Items listed in a dataset:
*****
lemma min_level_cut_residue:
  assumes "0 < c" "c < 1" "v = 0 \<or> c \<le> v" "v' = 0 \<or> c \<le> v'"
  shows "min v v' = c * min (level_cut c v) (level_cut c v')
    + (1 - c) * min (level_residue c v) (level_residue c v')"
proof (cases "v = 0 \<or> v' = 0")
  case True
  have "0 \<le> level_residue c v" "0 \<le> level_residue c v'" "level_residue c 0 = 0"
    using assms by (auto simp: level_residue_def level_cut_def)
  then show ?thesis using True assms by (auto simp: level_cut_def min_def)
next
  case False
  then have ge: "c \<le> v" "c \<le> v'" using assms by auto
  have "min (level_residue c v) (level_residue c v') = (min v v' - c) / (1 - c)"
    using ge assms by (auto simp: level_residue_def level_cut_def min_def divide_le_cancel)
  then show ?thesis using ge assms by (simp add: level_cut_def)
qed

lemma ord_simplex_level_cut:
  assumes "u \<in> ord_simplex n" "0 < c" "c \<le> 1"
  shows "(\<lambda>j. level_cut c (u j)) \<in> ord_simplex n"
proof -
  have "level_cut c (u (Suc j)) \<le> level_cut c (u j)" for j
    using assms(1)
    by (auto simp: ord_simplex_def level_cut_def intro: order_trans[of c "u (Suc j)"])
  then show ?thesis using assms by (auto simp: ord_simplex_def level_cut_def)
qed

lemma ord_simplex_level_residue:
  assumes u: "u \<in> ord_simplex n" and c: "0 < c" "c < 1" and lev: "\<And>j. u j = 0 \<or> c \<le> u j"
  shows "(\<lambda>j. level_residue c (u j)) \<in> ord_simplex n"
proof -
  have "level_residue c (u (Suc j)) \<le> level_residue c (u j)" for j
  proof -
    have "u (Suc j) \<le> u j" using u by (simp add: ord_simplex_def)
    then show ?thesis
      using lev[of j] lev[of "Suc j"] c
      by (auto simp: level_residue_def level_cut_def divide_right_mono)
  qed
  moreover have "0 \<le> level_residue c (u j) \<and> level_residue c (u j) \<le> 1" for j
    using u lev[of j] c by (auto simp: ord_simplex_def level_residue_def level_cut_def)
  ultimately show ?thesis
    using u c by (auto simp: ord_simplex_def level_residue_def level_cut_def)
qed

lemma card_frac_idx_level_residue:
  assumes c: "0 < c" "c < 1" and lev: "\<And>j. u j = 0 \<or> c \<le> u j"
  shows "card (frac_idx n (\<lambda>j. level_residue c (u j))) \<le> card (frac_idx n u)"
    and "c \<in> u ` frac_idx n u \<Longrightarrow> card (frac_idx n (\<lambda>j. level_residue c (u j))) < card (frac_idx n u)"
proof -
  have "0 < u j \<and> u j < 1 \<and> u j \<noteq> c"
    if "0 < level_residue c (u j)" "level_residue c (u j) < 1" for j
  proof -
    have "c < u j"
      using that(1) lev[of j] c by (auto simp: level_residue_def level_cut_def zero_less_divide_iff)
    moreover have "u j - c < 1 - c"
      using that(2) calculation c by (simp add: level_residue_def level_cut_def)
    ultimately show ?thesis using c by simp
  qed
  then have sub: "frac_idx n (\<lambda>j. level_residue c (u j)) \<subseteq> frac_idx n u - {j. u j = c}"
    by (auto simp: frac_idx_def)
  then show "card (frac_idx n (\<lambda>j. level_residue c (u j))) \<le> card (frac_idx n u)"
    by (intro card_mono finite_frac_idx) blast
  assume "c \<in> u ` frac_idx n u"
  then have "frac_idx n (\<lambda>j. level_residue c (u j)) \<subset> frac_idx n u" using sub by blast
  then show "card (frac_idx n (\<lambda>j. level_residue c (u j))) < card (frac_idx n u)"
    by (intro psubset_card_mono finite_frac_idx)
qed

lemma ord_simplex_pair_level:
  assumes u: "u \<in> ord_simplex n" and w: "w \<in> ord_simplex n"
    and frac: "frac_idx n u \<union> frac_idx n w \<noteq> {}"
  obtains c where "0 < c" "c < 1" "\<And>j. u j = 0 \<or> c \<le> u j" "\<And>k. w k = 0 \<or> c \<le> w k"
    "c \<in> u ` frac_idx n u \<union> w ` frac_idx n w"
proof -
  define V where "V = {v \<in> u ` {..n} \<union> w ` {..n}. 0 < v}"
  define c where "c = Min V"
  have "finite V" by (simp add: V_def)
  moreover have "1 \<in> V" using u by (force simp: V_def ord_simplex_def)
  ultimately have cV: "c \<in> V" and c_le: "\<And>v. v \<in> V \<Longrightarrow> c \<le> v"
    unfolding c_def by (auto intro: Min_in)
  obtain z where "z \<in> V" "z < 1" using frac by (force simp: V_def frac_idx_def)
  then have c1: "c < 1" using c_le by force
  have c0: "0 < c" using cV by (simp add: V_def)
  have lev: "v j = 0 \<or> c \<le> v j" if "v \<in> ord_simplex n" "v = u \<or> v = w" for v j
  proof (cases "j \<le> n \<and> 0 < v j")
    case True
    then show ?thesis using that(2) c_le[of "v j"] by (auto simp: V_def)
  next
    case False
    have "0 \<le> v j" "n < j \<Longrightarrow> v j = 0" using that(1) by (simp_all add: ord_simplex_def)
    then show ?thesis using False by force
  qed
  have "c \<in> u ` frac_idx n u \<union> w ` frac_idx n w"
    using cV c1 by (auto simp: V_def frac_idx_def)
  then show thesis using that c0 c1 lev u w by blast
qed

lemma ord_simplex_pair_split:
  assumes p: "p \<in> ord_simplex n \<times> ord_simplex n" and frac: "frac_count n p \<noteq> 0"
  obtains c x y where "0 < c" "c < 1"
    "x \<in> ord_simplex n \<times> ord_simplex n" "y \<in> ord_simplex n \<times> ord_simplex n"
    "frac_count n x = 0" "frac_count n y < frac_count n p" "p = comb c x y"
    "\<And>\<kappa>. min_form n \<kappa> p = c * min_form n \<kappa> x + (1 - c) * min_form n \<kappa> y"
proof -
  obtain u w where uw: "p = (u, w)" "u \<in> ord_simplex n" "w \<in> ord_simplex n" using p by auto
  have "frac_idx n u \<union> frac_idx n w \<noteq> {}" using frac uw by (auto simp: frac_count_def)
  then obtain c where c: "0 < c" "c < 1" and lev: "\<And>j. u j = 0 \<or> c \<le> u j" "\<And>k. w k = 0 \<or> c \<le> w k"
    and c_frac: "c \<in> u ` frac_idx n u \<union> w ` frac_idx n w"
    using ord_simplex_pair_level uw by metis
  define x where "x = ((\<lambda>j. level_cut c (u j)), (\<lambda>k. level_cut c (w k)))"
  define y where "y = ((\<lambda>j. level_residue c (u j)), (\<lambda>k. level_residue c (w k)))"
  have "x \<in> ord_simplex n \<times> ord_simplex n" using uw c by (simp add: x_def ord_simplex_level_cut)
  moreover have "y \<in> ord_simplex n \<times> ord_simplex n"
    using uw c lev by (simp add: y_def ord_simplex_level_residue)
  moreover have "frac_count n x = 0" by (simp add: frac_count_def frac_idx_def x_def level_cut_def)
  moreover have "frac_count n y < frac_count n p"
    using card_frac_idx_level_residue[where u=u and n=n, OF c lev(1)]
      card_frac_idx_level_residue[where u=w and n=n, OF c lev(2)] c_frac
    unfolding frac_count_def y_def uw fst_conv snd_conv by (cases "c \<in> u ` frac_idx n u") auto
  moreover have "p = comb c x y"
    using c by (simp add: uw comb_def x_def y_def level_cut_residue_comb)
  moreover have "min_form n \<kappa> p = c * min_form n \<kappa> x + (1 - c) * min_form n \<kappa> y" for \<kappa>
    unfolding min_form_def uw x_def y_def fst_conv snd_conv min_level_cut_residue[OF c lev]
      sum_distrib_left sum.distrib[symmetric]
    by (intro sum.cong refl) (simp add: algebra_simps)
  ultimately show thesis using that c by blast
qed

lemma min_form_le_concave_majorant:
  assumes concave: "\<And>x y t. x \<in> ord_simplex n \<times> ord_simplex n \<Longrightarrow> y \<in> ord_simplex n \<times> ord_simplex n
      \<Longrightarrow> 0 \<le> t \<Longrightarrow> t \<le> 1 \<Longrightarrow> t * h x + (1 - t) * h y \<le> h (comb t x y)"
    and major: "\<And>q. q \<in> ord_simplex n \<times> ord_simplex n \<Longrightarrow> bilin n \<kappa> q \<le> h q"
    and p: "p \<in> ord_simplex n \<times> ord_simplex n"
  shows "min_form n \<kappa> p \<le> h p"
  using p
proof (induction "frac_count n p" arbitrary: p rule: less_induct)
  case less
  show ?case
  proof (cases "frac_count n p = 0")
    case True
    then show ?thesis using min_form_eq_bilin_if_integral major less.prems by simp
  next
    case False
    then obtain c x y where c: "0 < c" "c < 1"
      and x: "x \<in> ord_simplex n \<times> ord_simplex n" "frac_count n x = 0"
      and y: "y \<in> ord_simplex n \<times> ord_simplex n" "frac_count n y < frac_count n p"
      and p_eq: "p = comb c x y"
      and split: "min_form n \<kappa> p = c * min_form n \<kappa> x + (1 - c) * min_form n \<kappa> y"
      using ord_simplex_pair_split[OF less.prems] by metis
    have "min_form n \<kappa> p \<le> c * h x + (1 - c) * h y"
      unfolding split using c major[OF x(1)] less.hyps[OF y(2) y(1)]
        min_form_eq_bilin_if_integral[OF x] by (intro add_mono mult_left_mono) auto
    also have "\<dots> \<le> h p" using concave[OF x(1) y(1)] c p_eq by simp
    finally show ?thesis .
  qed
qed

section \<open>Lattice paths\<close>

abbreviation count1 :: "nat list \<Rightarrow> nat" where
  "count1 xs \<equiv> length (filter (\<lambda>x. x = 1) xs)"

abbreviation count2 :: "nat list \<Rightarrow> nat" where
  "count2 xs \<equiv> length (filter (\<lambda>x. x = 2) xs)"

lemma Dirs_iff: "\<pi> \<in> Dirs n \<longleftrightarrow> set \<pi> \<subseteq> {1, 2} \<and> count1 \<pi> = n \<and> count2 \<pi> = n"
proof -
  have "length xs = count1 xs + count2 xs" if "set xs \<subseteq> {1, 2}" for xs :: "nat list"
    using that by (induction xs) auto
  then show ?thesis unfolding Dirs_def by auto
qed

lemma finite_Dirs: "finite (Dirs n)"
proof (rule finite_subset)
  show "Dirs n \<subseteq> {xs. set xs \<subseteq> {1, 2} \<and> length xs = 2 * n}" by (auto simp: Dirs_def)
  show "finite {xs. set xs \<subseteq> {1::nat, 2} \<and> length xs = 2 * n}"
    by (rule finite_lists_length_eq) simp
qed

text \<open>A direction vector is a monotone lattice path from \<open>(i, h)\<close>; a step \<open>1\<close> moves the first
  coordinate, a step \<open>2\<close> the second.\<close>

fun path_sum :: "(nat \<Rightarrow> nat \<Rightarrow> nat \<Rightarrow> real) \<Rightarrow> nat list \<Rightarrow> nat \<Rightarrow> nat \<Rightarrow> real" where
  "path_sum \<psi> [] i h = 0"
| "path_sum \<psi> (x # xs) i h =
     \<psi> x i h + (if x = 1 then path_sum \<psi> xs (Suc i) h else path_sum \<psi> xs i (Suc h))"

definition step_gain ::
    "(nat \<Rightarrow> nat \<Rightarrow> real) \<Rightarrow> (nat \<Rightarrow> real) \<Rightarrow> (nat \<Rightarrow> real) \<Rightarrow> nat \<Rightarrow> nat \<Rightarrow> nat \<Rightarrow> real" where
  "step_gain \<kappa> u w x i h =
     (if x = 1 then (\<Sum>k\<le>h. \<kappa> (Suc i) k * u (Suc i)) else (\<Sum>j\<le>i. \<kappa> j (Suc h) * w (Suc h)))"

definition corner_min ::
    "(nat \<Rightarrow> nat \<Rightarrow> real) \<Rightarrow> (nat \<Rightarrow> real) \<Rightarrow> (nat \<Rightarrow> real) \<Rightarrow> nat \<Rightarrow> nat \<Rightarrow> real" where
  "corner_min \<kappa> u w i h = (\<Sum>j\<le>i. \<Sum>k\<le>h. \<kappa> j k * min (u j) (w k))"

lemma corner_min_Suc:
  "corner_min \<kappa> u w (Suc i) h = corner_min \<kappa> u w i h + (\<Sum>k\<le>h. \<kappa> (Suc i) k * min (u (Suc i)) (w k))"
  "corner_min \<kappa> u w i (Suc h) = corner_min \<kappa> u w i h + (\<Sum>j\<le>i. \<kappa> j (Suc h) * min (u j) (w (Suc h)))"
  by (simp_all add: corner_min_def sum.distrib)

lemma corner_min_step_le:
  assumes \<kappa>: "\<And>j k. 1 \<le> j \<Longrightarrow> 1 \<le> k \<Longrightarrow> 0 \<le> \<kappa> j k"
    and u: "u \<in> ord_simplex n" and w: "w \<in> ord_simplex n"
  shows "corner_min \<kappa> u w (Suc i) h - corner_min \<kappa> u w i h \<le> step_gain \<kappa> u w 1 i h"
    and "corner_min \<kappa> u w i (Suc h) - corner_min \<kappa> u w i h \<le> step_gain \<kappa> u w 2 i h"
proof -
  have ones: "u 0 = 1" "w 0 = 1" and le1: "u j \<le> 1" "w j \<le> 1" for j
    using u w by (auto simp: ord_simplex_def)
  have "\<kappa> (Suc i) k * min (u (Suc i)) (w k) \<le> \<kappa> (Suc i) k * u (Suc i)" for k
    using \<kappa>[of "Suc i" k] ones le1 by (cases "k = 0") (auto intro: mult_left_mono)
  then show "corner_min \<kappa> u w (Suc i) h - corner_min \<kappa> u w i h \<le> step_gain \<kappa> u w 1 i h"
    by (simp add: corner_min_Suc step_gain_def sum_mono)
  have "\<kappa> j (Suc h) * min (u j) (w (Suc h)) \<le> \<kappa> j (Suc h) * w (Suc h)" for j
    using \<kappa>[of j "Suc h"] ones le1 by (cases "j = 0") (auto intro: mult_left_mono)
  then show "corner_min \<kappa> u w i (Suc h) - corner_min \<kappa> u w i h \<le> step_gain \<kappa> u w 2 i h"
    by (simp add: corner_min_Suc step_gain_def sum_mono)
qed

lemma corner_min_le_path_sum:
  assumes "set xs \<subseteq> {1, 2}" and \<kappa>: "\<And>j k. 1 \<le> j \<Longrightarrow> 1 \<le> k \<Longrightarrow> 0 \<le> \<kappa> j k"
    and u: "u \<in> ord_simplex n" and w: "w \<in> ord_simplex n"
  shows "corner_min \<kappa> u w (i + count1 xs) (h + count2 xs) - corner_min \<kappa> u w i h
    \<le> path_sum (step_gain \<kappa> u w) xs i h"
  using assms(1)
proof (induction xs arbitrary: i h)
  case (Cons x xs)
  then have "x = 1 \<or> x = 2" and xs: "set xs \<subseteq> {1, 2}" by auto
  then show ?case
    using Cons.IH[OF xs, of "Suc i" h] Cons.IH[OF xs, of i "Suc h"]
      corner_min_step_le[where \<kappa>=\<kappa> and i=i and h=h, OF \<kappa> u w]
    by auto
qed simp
*****
Exercise details: The range runs from the line above containing "cV by (simp add: V_def)" to the line containing "using cV c1", inclusive. Restate those lines word for word and no others.

Result of this task:
  have c0: "0 < c" using cV by (simp add: V_def)
  have lev: "v j = 0 \<or> c \<le> v j" if "v \<in> ord_simplex n" "v = u \<or> v = w" for v j
  proof (cases "j \<le> n \<and> 0 < v j")
    case True
    then show ?thesis using that(2) c_le[of "v j"] by (auto simp: V_def)
  next
    case False
    have "0 \<le> v j" "n < j \<Longrightarrow> v j = 0" using that(1) by (simp_all add: ord_simplex_def)
    then show ?thesis using False by force
  qed
  have "c \<in> u ` frac_idx n u \<union> w ` frac_idx n w"
    using cV c1 by (auto simp: V_def frac_idx_def)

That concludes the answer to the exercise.